# REQUIRED ACTION
Count the lines below that contain "definition". Give only the number.
Segment Start: PROVIDED RECORDS
(* Suppose $1<q<n+1$. Let $\mu$ be a nonzero finite Borel measure on $S^{n-1}$ and $\overline\mu_m$ be constructed as in the context. Let $$E_m=\Big\{x\in\mathbb R^n:\frac{|x\cdot e_{1,m}|^2}{r_{1,m}^2}+\dots+\frac{|x\cdot e_{n,m}|^2}{r_{n,m}^2}\le1\Big\},$$ where $e_{1,m},\dots,e_{n,m}$ is an orthonormal basis of $\mathbb R^n$ and $0<r_{1,m}\le\dots\le r_{n,m}$. Assume $e_{1,m},\dots,e_{n,m}$ converge to an orthonormal basis $e_1,\dots,e_n$ and $r_{n,m}\ge1$. If $\mu$ satisfies $\frac{\mu(\xi_i\cap S^{n-1})}{|\mu|}<\frac{i+\min\{i,q-1\}}{n+q-1}$ for every $i$-dimensional subspace $\xi_i$, $i=1,\dots,n-1$, then there exist $\delta_0,t_0\in(0,1)$ and $N_0>0$ such that for each $m>N_0$, $$\frac{1}{|\overline\mu_m|}\int_{S^{n-1}}\log h_{E_m}\,d\overline\mu_m\ge\log\frac{\delta_0}{2}+t_0\log r_{n,m}+(1-t_0)\Bigg[\sum_{i=1}^{\lfloor q\rfloor-1}\frac{2}{n+q-1}\log r_{i,m}+\frac{q-\lfloor q\rfloor+1}{n+q-1}\log r_{\lfloor q\rfloor,m}+\sum_{i=\lfloor q\rfloor+1}^{n}\frac{1}{n+q-1}\log r_{i,m}\Bigg],$$ where a sum is empty if its upper index is smaller than its lower index.
   Context: $h_K(v)=\max_{x\in K}x\cdot v$; $|\nu|$ is total mass. Construction: for each positive integer $m$, $U_{1,m},\dots,U_{\mathcal N_m,m}$ is a partition of $S^{n-1}$ into Borel sets of diameter less than $1/m$ with nonempty interior relative to $S^{n-1}$, $v_{i,m}\in U_{i,m}$ are in general position in dimension $n$, $\mu_m=\sum_{i=1}^{\mathcal N_m}(\mu(U_{i,m})+\mathcal N_m^{-2})\delta_{v_{i,m}}$ and $\overline\mu_m=\frac{|\mu|}{|\mu_m|}\mu_m$. *)

theory Defs
  imports "HOL-Analysis.Analysis"
begin
(* Let $R$ be a commutative ring, let $I$ be a 2-absorbing ideal of $R$, let $J$ be an ideal of $R$, and let $x,y\in R$ satisfy $xyJ\subseteq I$. Then $xy\in I$ or $xJ\subseteq I$ or $yJ\subseteq I$.
   Context: All rings are commutative with identity $1\neq 0$. An ideal $I$ of $R$ is 2-absorbing if whenever $a,b,c\in R$ and $abc\in I$, then $ab\in I$ or $ac\in I$ or $bc\in I$. *)

theory Defs
  imports "HOL-Algebra.Ideal"
begin

definition two_absorbing :: "('a, 'b) ring_scheme \<Rightarrow> 'a set \<Rightarrow> bool" where
  "two_absorbing R I \<longleftrightarrow> ideal I R \<and>
     (\<forall>a\<in>carrier R. \<forall>b\<in>carrier R. \<forall>c\<in>carrier R.
        a \<otimes>\<^bsub>R\<^esub> b \<otimes>\<^bsub>R\<^esub> c \<in> I \<longrightarrow>
        a \<otimes>\<^bsub>R\<^esub> b \<in> I \<or> a \<otimes>\<^bsub>R\<^esub> c \<in> I \<or> b \<otimes>\<^bsub>R\<^esub> c \<in> I)"

end

theory Submission
  imports Defs
begin

text \<open>Suppose \<open>xy \<notin> I\<close>. For each \<open>j \<in> J\<close>, two-absorption applied to \<open>x y j \<in> I\<close> gives
  \<open>xj \<in> I\<close> or \<open>yj \<in> I\<close>, so \<open>J\<close> is the union of the two additive subgroups
  \<open>{j \<in> J. xj \<in> I}\<close> and \<open>{j \<in> J. yj \<in> I}\<close>. A group is never the union of two proper
  subgroups: if \<open>j\<^sub>1\<close> lies only in the first and \<open>j\<^sub>2\<close> only in the second, then
  \<open>j\<^sub>1 + j\<^sub>2\<close> lies in neither.\<close>

lemma (in ideal) add_right_cancel:
  assumes "a \<in> carrier R" and "b \<in> I" and "a \<oplus> b \<in> I"
  shows "a \<in> I"
proof -
  have "a = (a \<oplus> b) \<oplus> \<ominus> b"
    using assms(1) Icarr[OF assms(2)] by (simp add: a_assoc r_neg)
  also have "\<dots> \<in> I"
    using assms(2,3) by simp
  finally show ?thesis .
qed

lemma (in ideal) add_left_cancel:
  assumes "a \<in> carrier R" and "b \<in> I" and "b \<oplus> a \<in> I"
  shows "a \<in> I"
  using add_right_cancel[OF assms(1,2)] assms Icarr by (simp add: a_comm)

lemma two_absorbing_imp_ideal: "two_absorbing R I \<Longrightarrow> ideal I R"
  unfolding two_absorbing_def by simp

lemma two_absorbingD:
  assumes "two_absorbing R I"
    and "a \<in> carrier R" and "b \<in> carrier R" and "c \<in> carrier R"
    and "a \<otimes>\<^bsub>R\<^esub> b \<otimes>\<^bsub>R\<^esub> c \<in> I"
  shows "a \<otimes>\<^bsub>R\<^esub> b \<in> I \<or> a \<otimes>\<^bsub>R\<^esub> c \<in> I \<or> b \<otimes>\<^bsub>R\<^esub> c \<in> I"
  using assms unfolding two_absorbing_def by blast

lemma (in ring) mult_mem_ideal_cover_cases:
  assumes I: "ideal I R" and J: "additive_subgroup J R"
    and x: "x \<in> carrier R" and y: "y \<in> carrier R"
    and cover: "\<forall>j\<in>J. x \<otimes> j \<in> I \<or> y \<otimes> j \<in> I"
  shows "(\<forall>j\<in>J. x \<otimes> j \<in> I) \<or> (\<forall>j\<in>J. y \<otimes> j \<in> I)"
proof (rule ccontr)
  interpret I: ideal I R by fact
  interpret J: additive_subgroup J R by fact
  assume "\<not> ?thesis"
  then obtain j\<^sub>1 j\<^sub>2 where j\<^sub>1: "j\<^sub>1 \<in> J" "x \<otimes> j\<^sub>1 \<notin> I"
    and j\<^sub>2: "j\<^sub>2 \<in> J" "y \<otimes> j\<^sub>2 \<notin> I"
    by blast
  have carr: "j\<^sub>1 \<in> carrier R" "j\<^sub>2 \<in> carrier R"
    using j\<^sub>1 j\<^sub>2 J.a_subset by auto
  have yj\<^sub>1: "y \<otimes> j\<^sub>1 \<in> I" and xj\<^sub>2: "x \<otimes> j\<^sub>2 \<in> I"
    using bspec[OF cover j\<^sub>1(1)] bspec[OF cover j\<^sub>2(1)] j\<^sub>1(2) j\<^sub>2(2) by auto
  have "x \<otimes> (j\<^sub>1 \<oplus> j\<^sub>2) \<in> I \<or> y \<otimes> (j\<^sub>1 \<oplus> j\<^sub>2) \<in> I"
    using bspec[OF cover J.a_closed[OF j\<^sub>1(1) j\<^sub>2(1)]] .
  then show False
  proof
    assume "x \<otimes> (j\<^sub>1 \<oplus> j\<^sub>2) \<in> I"
    then have "x \<otimes> j\<^sub>1 \<oplus> x \<otimes> j\<^sub>2 \<in> I"
      using x carr by (simp add: r_distr)
    with xj\<^sub>2 have "x \<otimes> j\<^sub>1 \<in> I"
      using I.add_right_cancel x carr(1) by blast
    with j\<^sub>1 show False by simp
  next
    assume "y \<otimes> (j\<^sub>1 \<oplus> j\<^sub>2) \<in> I"
    then have "y \<otimes> j\<^sub>1 \<oplus> y \<otimes> j\<^sub>2 \<in> I"
      using y carr by (simp add: r_distr)
    with yj\<^sub>1 have "y \<otimes> j\<^sub>2 \<in> I"
      using I.add_left_cancel y carr(2) by blast
    with j\<^sub>2 show False by simp
  qed
qed

theorem lemma2:
  fixes R (structure)
  assumes "cring R" and "\<one> \<noteq> \<zero>"
    and "two_absorbing R I"
    and "ideal J R"
    and "x \<in> carrier R" and "y \<in> carrier R"
    and "\<forall>j\<in>J. x \<otimes> y \<otimes> j \<in> I"
  shows "x \<otimes> y \<in> I \<or> (\<forall>j\<in>J. x \<otimes> j \<in> I) \<or> (\<forall>j\<in>J. y \<otimes> j \<in> I)"
proof (cases "x \<otimes> y \<in> I")
  case False
  interpret cring R by fact
  interpret J: ideal J R by fact
  have "x \<otimes> j \<in> I \<or> y \<otimes> j \<in> I" if "j \<in> J" for j
    using two_absorbingD[OF assms(3,5,6) J.Icarr[OF that] bspec[OF assms(7) that]] False
    by blast
  then have "(\<forall>j\<in>J. x \<otimes> j \<in> I) \<or> (\<forall>j\<in>J. y \<otimes> j \<in> I)"
    by (intro mult_mem_ideal_cover_cases[OF two_absorbing_imp_ideal[OF assms(3)]
          J.additive_subgroup_axioms assms(5,6)]) blast
  then show ?thesis by blast
qed simp

end
(* Let ${\mathsf K},{\mathsf N}$ be positive integers, ${\mathsf q}$ a prime power, and $t\in\{0,1,\ldots,{\mathsf K}\}$. For every file length ${\mathsf B}$ that is a multiple of $\binom{{\mathsf K}}{t}$, there exists an uncoded cache placement in which each user stores ${\mathsf M}{\mathsf B}$ symbols with ${\mathsf M}=\frac{{\mathsf N}t}{{\mathsf K}}$, together with, for every demand matrix $\mathbb{D}\in\mathbb{F}_{\mathsf q}^{{\mathsf K}\times{\mathsf N}}$, a delivery (encoding and decoding functions) under which every user $k$ correctly decodes its demanded function and the load is $$\mathsf R(\mathbb{D})=\frac{\binom{{\mathsf K}}{t+1}-\binom{{\mathsf K}-\mathrm{rank}_{\mathsf q}(\mathbb{D})}{t+1}}{\binom{{\mathsf K}}{t}}.$$ In particular the worst-case load of this scheme equals $\frac{\binom{{\mathsf K}}{t+1}-\binom{{\mathsf K}-\min\{{\mathsf K},{\mathsf N}\}}{t+1}}{\binom{{\mathsf K}}{t}}$, attained by demand matrices of rank $\min\{{\mathsf K},{\mathsf N}\}$.
   Context: Shared-link cache-aided scalar linear function retrieval problem with parameters $({\mathsf K},{\mathsf N},{\mathsf M},{\mathsf q})$: a server holds ${\mathsf N}$ files $F_1,\ldots,F_{\mathsf N}$, each a vector of ${\mathsf B}$ independent uniformly distributed symbols of $\mathbb{F}_{\mathsf q}$, and is connected to ${\mathsf K}$ users by an error-free broadcast link. Placement phase: user $k$ stores $Z_k=\phi_k(F_1,\ldots,F_{\mathsf N})\in\mathbb{F}_{\mathsf q}^{{\mathsf B}{\mathsf M}}$, chosen without knowledge of demands. Delivery phase: user $k$ demands the row vector $\mathbf y_k=(y_{k,1},\ldots,y_{k,{\mathsf N}})\in\mathbb{F}_{\mathsf q}^{\mathsf N}$, i.e. wants $y_{k,1}F_1+\cdots+y_{k,{\mathsf N}}F_{\mathsf N}$; the demand matrix is $\mathbb{D}=[\mathbf y_1;\ldots;\mathbf y_{\mathsf K}]\in\mathbb{F}_{\mathsf q}^{{\mathsf K}\times{\mathsf N}}$. The server broadcasts $X=\psi(\mathbb{D},F_1,\ldots,F_{\mathsf N})\in\mathbb{F}_{\mathsf q}^{{\mathsf B}{\mathsf R}}$, and each user $k$ must compute $y_{k,1}F_1+\cdots+y_{k,{\mathsf N}}F_{\mathsf N}=\xi_k(\mathbb{D},Z_k,X)$ for all file realizations. ${\mathsf R}$ is the load (transmitted symbols divided by ${\mathsf B}$). A placement is uncoded if each $Z_k$ consists of a subset of the symbols of the files, copied directly. The worst-case load of a scheme is the maximum load over all demand matrices. $\binom{x}{y}=0$ if $x<y$ or $x<0$ or $y<0$. $\mathrm{rank}_{\mathsf q}$ denotes rank over $\mathbb{F}_{\mathsf q}$. *)

theory Defs
  imports Complex_Main "Jordan_Normal_Form.DL_Rank"
begin

text \<open>Files: F i j is symbol j (j < B) of file i (i < N).  Only entries with
  i < N and j < B are meaningful; the truncation below makes this explicit.\<close>

definition trunc_files :: "nat \<Rightarrow> nat \<Rightarrow> (nat \<Rightarrow> nat \<Rightarrow> 'a::zero) \<Rightarrow> nat \<Rightarrow> nat \<Rightarrow> 'a" where
  "trunc_files N B F = (\<lambda>i j. if i < N \<and> j < B then F i j else 0)"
Segment End: PROVIDED RECORDS
# OUTPUT FOR THIS EXERCISE
2